The environment of our codes can be found in requirement.txt.
ARC (Average Relative Confusion) is a new unsupervised evaluation metric for contrastive learning proposed in this paper, which estimates the degree of ''chaos'' of augmented samples by calculating the ratio of samples whose nearest neighbour is from the same anchor. We find that it's strongly correlated to the downstream performance of contrastive learning process. We think that it may be helpful in model selection and some other tasks to improve the performance of contrastive learning.
To calculate ACR and ARC with trained models, run evaluate_ARC.py with following commands
./ARC_test.sh
The code for ACR and ARC calculation can be found in ARC.py.
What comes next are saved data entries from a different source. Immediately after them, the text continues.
lemma dist_vanishes_degree:
  assumes d: "dist X Y Z u v w"
    and XX: "vanishes X (shift_int Sh k X)" and XZ: "vanishes X (shift_int Sh k Z)"
    and ZX: "vanishes Z (shift_int Sh k X)" and ZZ: "vanishes Z (shift_int Sh k Z)"
  shows "vanishes Y (shift_int Sh k Y)"
proof -
  have "vanishes (shift_int Sh (-k) X) Y"
    using vanishes_into_middle[OF d] XX XZ by (simp add: vanishes_shift_adjoint)
  then have XY: "vanishes X (shift_int Sh k Y)" by (simp add: vanishes_shift_adjoint)
  have "vanishes (shift_int Sh (-k) Z) Y"
    using vanishes_into_middle[OF d] ZX ZZ by (simp add: vanishes_shift_adjoint)
  then have ZY: "vanishes Z (shift_int Sh k Y)" by (simp add: vanishes_shift_adjoint)
  show ?thesis by (rule vanishes_from_middle[OF d XY ZY])
qed

section \<open>Self-extensions of degree one of the middle term\<close>

text \<open>First beta[1] chi gamma = 0 makes beta[1] chi factor through
  alpha as r[1] alpha, and gamma r = 0 makes r = beta g; then chi - g[1] alpha is killed
  by beta[1], so it factors through alpha on the right.\<close>
lemma degree_one_surjective:
  assumes d: "dist T1 T T2 \<beta> \<gamma> \<alpha>"
    and TT: "vanishes T (Sh T)" and T12: "vanishes T1 T2"
    and chi: "\<chi> \<in> Hom T2 (Sh T1)"
  shows "\<exists>f\<in>Hom T2 T2. \<exists>g\<in>Hom T1 T1. \<chi> = add T2 (Sh T1) (comp \<alpha> f) (comp (shm g) \<alpha>)"
proof -
  have b: "\<beta> \<in> Hom T1 T" and c: "\<gamma> \<in> Hom T T2" and a: "\<alpha> \<in> Hom T2 (Sh T1)"
    using dist_typed[OF d] by auto
  let ?b1 = "shm \<beta>" and ?nb1 = "neg (Sh T1) (Sh T) (shm \<beta>)"
  have b1: "?b1 \<in> Hom (Sh T1) (Sh T)" by (rule shm_closed[OF b])
  have R1: "dist T T2 (Sh T1) \<gamma> \<alpha> ?nb1" by (rule dist_rotate[OF d])
  have R2: "dist T2 (Sh T1) (Sh T) \<alpha> ?nb1 (neg (Sh T) (Sh T2) (shm \<gamma>))" by (rule dist_rotate[OF R1])
  define \<psi> where "\<psi> = comp ?b1 \<chi>"
  have psi: "\<psi> \<in> Hom T2 (Sh T)" unfolding \<psi>_def by (rule comp_closed[OF chi b1])
  have "comp \<psi> \<gamma> = zero T (Sh T)" using TT comp_closed[OF c psi] by (rule vanishesD)
  then obtain \<rho> where rho: "\<rho> \<in> Hom (Sh T1) (Sh T)" "\<psi> = comp \<rho> \<alpha>"
    using dist_extend[OF R1 psi] by blast
  obtain r where r: "r \<in> Hom T1 T" "\<rho> = shm r" using shm_surj[OF rho(1)] by blast
  have "comp \<gamma> r = zero T1 T2" using T12 comp_closed[OF r(1) c] by (rule vanishesD)
  then obtain g where g: "g \<in> Hom T1 T1" "r = comp \<beta> g" using dist_lift[OF d r(1)] by blast
  define x where "x = comp (shm g) \<alpha>"
  have x: "x \<in> Hom T2 (Sh T1)" unfolding x_def by (rule comp_closed[OF a shm_closed[OF g(1)]])
  have psi_x: "\<psi> = comp ?b1 x"
    using rho(2) r(2) g(2) shm_comp[OF g(1) b] comp_assoc[OF a shm_closed[OF g(1)] b1]
    unfolding x_def by simp
  define \<delta> where "\<delta> = add T2 (Sh T1) \<chi> (neg T2 (Sh T1) x)"
  have delta: "\<delta> \<in> Hom T2 (Sh T1)" unfolding \<delta>_def by (rule add_closed[OF chi neg_closed[OF x]])
  have "comp ?b1 \<delta> = add T2 (Sh T) \<psi> (neg T2 (Sh T) \<psi>)"
    unfolding \<delta>_def \<psi>_def using comp_add_right[OF chi neg_closed[OF x] b1] comp_neg_right[OF x b1] psi_x
    by (simp add: \<psi>_def)
  then have "comp ?b1 \<delta> = zero T2 (Sh T)" using add_neg_right[OF psi] by simp
  then have "comp ?nb1 \<delta> = zero T2 (Sh T)" using comp_neg_left[OF delta b1] neg_zero by simp
  then obtain f where f: "f \<in> Hom T2 T2" "\<delta> = comp \<alpha> f" using dist_lift[OF R2 delta] by blast
  have "\<chi> = add T2 (Sh T1) \<delta> x" unfolding \<delta>_def by (rule add_neg_cancel[OF chi x, symmetric])
  then show ?thesis using f g(1) unfolding x_def by blast
qed

text \<open>Conversely, if Hom(T1,T1[1]), Hom(T1,T2[1]), Hom(T2,T2[1]) vanish and the
  action is surjective, then Hom(T,T[1]) = 0: a map phi : T -> T[1] factors as
  -beta[1] chi gamma, and both summands of chi = alpha f + g[1] alpha are killed
  (beta[1] alpha = 0 and alpha gamma = 0).\<close>
lemma degree_one_vanishes:
  assumes d: "dist T1 T T2 \<beta> \<gamma> \<alpha>"
    and T11: "vanishes T1 (Sh T1)" and T12: "vanishes T1 (Sh T2)" and T22: "vanishes T2 (Sh T2)"
    and surj: "\<And>\<chi>. \<chi> \<in> Hom T2 (Sh T1) \<Longrightarrow>
      \<exists>f\<in>Hom T2 T2. \<exists>g\<in>Hom T1 T1. \<chi> = add T2 (Sh T1) (comp \<alpha> f) (comp (shm g) \<alpha>)"
  shows "vanishes T (Sh T)"
proof (rule vanishesI)
  fix \<phi> assume phi: "\<phi> \<in> Hom T (Sh T)"
  have b: "\<beta> \<in> Hom T1 T" and c: "\<gamma> \<in> Hom T T2" and a: "\<alpha> \<in> Hom T2 (Sh T1)"
    using dist_typed[OF d] by auto
  define nb where "nb = neg (Sh T1) (Sh T) (shm \<beta>)"
  have nb: "nb \<in> Hom (Sh T1) (Sh T)" unfolding nb_def by (rule neg_closed[OF shm_closed[OF b]])
  have R1: "dist T T2 (Sh T1) \<gamma> \<alpha> nb" unfolding nb_def by (rule dist_rotate[OF d])
  have R2: "dist T2 (Sh T1) (Sh T) \<alpha> nb (neg (Sh T) (Sh T2) (shm \<gamma>))" by (rule dist_rotate[OF R1])
  have R3: "dist (Sh T1) (Sh T) (Sh T2) nb (neg (Sh T) (Sh T2) (shm \<gamma>)) (neg (Sh T2) (Sh (Sh T1)) (shm \<alpha>))"
    by (rule dist_rotate[OF R2])
  have ng: "neg (Sh T) (Sh T2) (shm \<gamma>) \<in> Hom (Sh T) (Sh T2)" by (rule neg_closed[OF shm_closed[OF c]])
  have "vanishes T1 (Sh T)" by (rule vanishes_into_middle[OF R3 T11 T12])
  then have "comp \<phi> \<beta> = zero T1 (Sh T)" using comp_closed[OF b phi] by (rule vanishesD)
  then obtain \<psi> where psi: "\<psi> \<in> Hom T2 (Sh T)" "\<phi> = comp \<psi> \<gamma>" using dist_extend[OF d phi] by blast
  have "comp (neg (Sh T) (Sh T2) (shm \<gamma>)) \<psi> = zero T2 (Sh T2)"
    using T22 comp_closed[OF psi(1) ng] by (rule vanishesD)
  then obtain \<chi> where chi: "\<chi> \<in> Hom T2 (Sh T1)" "\<psi> = comp nb \<chi>" using dist_lift[OF R3 psi(1)] by blast
  obtain f g where f: "f \<in> Hom T2 T2" and g: "g \<in> Hom T1 T1"
    and fg: "\<chi> = add T2 (Sh T1) (comp \<alpha> f) (comp (shm g) \<alpha>)"
    using surj[OF chi(1)] by blast
  have af: "comp \<alpha> f \<in> Hom T2 (Sh T1)" by (rule comp_closed[OF f a])
  have sg: "shm g \<in> Hom (Sh T1) (Sh T1)" by (rule shm_closed[OF g])
  have ga: "comp (shm g) \<alpha> \<in> Hom T2 (Sh T1)" by (rule comp_closed[OF a sg])
  have alpha_gamma: "comp \<alpha> \<gamma> = zero T (Sh T1)" by (rule dist_comp_zero[OF R1])
  have nb_alpha: "comp nb \<alpha> = zero T2 (Sh T)" by (rule dist_comp_zero[OF R2])
  have "\<phi> = comp nb (comp \<chi> \<gamma>)" using psi(2) chi comp_assoc[OF c chi(1) nb] by simp
  also have "comp \<chi> \<gamma> = add T (Sh T1) (comp (comp \<alpha> f) \<gamma>) (comp (comp (shm g) \<alpha>) \<gamma>)"
    using fg comp_add_left[OF c af ga] by simp
  also have "comp (comp (shm g) \<alpha>) \<gamma> = zero T (Sh T1)"
    using comp_assoc[OF c a sg] alpha_gamma comp_zero_right[OF sg] by simp
  also have "add T (Sh T1) (comp (comp \<alpha> f) \<gamma>) (zero T (Sh T1)) = comp \<alpha> (comp f \<gamma>)"
    using add_zero_right[OF comp_closed[OF c af]] comp_assoc[OF c f a] by simp
  also have "comp nb (comp \<alpha> (comp f \<gamma>)) = comp (comp nb \<alpha>) (comp f \<gamma>)"
    by (rule comp_assoc[OF comp_closed[OF c f] a nb])
  also have "\<dots> = zero T (Sh T)" using nb_alpha comp_zero_left[OF comp_closed[OF c f]] by simp
  finally show "\<phi> = zero T (Sh T)" .
qed

end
To avoid the outliers, we propose a generalized version of ACR as GACR. Correspondingly, ARC is extended to GARC.
To calculate GACR and GARC with trained models, run evaluate_GARC.py with the following commands
./GARC_test.sh
The code for GACR and GARC calculation can be found in ARC.py.
The code of experiments on the synthetic dataset to verify the influence of the augmentation strength can be found in synthetic_data.ipynb.
The augmentation graph of CIFAR-10 with different strength r of RandomResizedCrop can be visualized with the following commands.
python connect_cifar.py
This baseline of this repo mainly borrows from SimCLR.